§ **Source data**:

(* Setting: $\mathcal{I}$ and $\mathcal{J}$ are finite sets; for each $i\in\mathcal{I}$, $\mathcal{A}_i$ is a finite set with $|\mathcal{A}_i|\ge2$; for each $j\in\mathcal{J}$, $\mathcal{I}_j\subseteq\mathcal{I}$, and $\mathcal{J}_i=\{j\in\mathcal{J}: i\in\mathcal{I}_j\}$. Let $\mathcal{L}=\{j\in\mathcal{J}:|\mathcal{I}_j|\ge2\}$ and $\mathcal{Y}=\{i\in\mathcal{I}:\exists j\in\mathcal{J}_i \text{ with } |\mathcal{I}_j|=1\}$. For $i\in\mathcal{Y}$ let $h_i:\mathcal{A}_i\to(0,\infty)$, and for each $j\in\mathcal{L}$ let $\mathcal{B}_j\subseteq\prod_{i\in\mathcal{I}_j}\mathcal{A}_i$ (elements written $\mathbf{b}=(b_i)_{i\in\mathcal{I}_j}$). Let $\mathcal{B}=\{\mathbf{x}\in\prod_{i\in\mathcal{I}}\mathcal{A}_i:(x_i)_{i\in\mathcal{I}_j}\in\mathcal{B}_j\ \forall j\in\mathcal{L}\}$, and assume $\mathbf{P}_{\mathcal{Y}}:\mathbf{x}\mapsto(x_i)_{i\in\mathcal{Y}}$ is injective on $\mathcal{B}$. For each $i\in\mathcal{I}$ fix $\alpha_i\in\mathcal{A}_i$, let $\mathcal{A}_i^-=\mathcal{A}_i\setminus\{\alpha_i\}$, and for $i\in\mathcal{I}\setminus\mathcal{Y}$ fix $t_i\in\mathcal{J}_i$. Relaxed LP A (variables $\tilde g_i^{(\alpha)}$ for $i\in\mathcal{Y},\alpha\in\mathcal{A}_i^-$, and $p_{j,\mathbf{b}}$ for $j\in\mathcal{L},\mathbf{b}\in\mathcal{B}_j$): maximize $\sum_{i\in\mathcal{Y}}\sum_{\alpha\in\mathcal{A}_i^-}\log\frac{h_i(\alpha)}{h_i(\alpha_i)}\,\tilde g_i^{(\alpha)}$ over the polytope $\tilde{\mathcal{Q}}$ given by: $p_{j,\mathbf{b}}\ge0$ for all $j\in\mathcal{L},\mathbf{b}\in\mathcal{B}_j$; $\sum_{\mathbf{b}\in\mathcal{B}_j}p_{j,\mathbf{b}}=1$ for all $j\in\mathcal{L}$; $\tilde g_i^{(\alpha)}=\sum_{\mathbf{b}\in\mathcal{B}_j,b_i=\alpha}p_{j,\mathbf{b}}$ for all $i\in\mathcal{Y}$, $j\in\mathcal{J}_i\cap\mathcal{L}$, $\alpha\in\mathcal{A}_i^-$; and $\sum_{\mathbf{b}\in\mathcal{B}_j,b_i=\alpha}p_{j,\mathbf{b}}=\sum_{\mathbf{b}\in\mathcal{B}_{t_i},b_i=\alpha}p_{t_i,\mathbf{b}}$ for all $i\in\mathcal{I}\setminus\mathcal{Y}$, $j\in\mathcal{J}_i\setminus\{t_i\}$, $\alpha\in\mathcal{A}_i^-$. If the LP solution $(\tilde{\mathbf{g}}_{\mathrm{out}},\mathbf{p})$ is integral (all coordinates integers), the receiver outputs $\mathbf{x}_{\mathrm{out}}=\mathbf{P}_{\mathcal{Y}}^{-1}(\tilde{\boldsymbol{\Xi}}^{-1}(\tilde{\mathbf{g}}_{\mathrm{out}}))$, where $\tilde{\boldsymbol{\Xi}}(\mathbf{x}_{\mathcal{Y}})=(([\gamma=x_i])_{\gamma\in\mathcal{A}_i^-})_{i\in\mathcal{Y}}$; otherwise it reports a receiver failure. Relaxed LP B (variables $g_i^{(\alpha)}$ for $i\in\mathcal{I},\alpha\in\mathcal{A}_i$, and $p_{j,\mathbf{b}}$ as before): maximize $\sum_{i\in\mathcal{Y}}\sum_{\alpha\in\mathcal{A}_i}\log h_i(\alpha)\,g_i^{(\alpha)}$ over the polytope $\mathcal{Q}$ given by: $p_{j,\mathbf{b}}\ge0$; $\sum_{\mathbf{b}\in\mathcal{B}_j}p_{j,\mathbf{b}}=1$ for all $j\in\mathcal{L}$; and $g_i^{(\alpha)}=\sum_{\mathbf{b}\in\mathcal{B}_j,b_i=\alpha}p_{j,\mathbf{b}}$ for all $j\in\mathcal{L}$, $i\in\mathcal{I}_j$, $\alpha\in\mathcal{A}_i$. If the LP solution $(\bar{\mathbf{g}}_{\mathrm{out}},\mathbf{p})$ is integral, the receiver outputs $\mathbf{x}_{\mathrm{out}}=\bar{\boldsymbol{\Xi}}^{-1}(\bar{\mathbf{g}}_{\mathrm{out}})$, where $\bar{\boldsymbol{\Xi}}(\mathbf{x})=(([\gamma=x_i])_{\gamma\in\mathcal{A}_i})_{i\in\mathcal{I}}$; otherwise it reports a receiver failure. Claim: LP B produces the same output (configuration or receiver failure) as LP A. Moreover, if the receiver output is a configuration, then it is the optimum configuration, i.e. $\mathbf{x}_{\mathrm{out}}\in\mathcal{B}$ and $\mathbf{x}_{\mathrm{out}}=\mathbf{x}_{\mathrm{opt}}$, where $\mathbf{x}_{\mathrm{opt}}$ maximizes $\sum_{i\in\mathcal{Y}}\log h_i(x_i)$ over $\mathbf{x}\in\mathcal{B}$.
   Context: $[P]$ denotes $1$ if the predicate $P$ holds and $0$ otherwise. The setting models maximization of a product of functions $u(\mathbf{x})=\prod_{i\in\mathcal{Y}}h_i(x_i)\prod_{j\in\mathcal{L}}[(x_i)_{i\in\mathcal{I}_j}\in\mathcal{B}_j]$ described by a factor graph, where pendant (degree-one) factor nodes are collected into the positive functions $h_i$ and every non-pendant factor node $j\in\mathcal{L}$ is the indicator function of a local behaviour $\mathcal{B}_j$; the optimum configuration $\mathbf{x}_{\mathrm{opt}}$ maximizes $u$. $\mathbf{P}_{\mathcal{Y}}^{-1}$ denotes the inverse of $\mathbf{P}_{\mathcal{Y}}$ restricted to $\mathcal{B}$. *)

theory Defs
  imports Complex_Main "HOL-Library.FuncSet"
begin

§ **Problem**: Copy out, word for word, only the lines from the one with "Context: $[P]$ denotes" through the last line of the material above.

§ **Result**:
   Context: $[P]$ denotes $1$ if the predicate $P$ holds and $0$ otherwise. The setting models maximization of a product of functions $u(\mathbf{x})=\prod_{i\in\mathcal{Y}}h_i(x_i)\prod_{j\in\mathcal{L}}[(x_i)_{i\in\mathcal{I}_j}\in\mathcal{B}_j]$ described by a factor graph, where pendant (degree-one) factor nodes are collected into the positive functions $h_i$ and every non-pendant factor node $j\in\mathcal{L}$ is the indicator function of a local behaviour $\mathcal{B}_j$; the optimum configuration $\mathbf{x}_{\mathrm{opt}}$ maximizes $u$. $\mathbf{P}_{\mathcal{Y}}^{-1}$ denotes the inverse of $\mathbf{P}_{\mathcal{Y}}$ restricted to $\mathcal{B}$. *)

theory Defs
  imports Complex_Main "HOL-Library.FuncSet"
begin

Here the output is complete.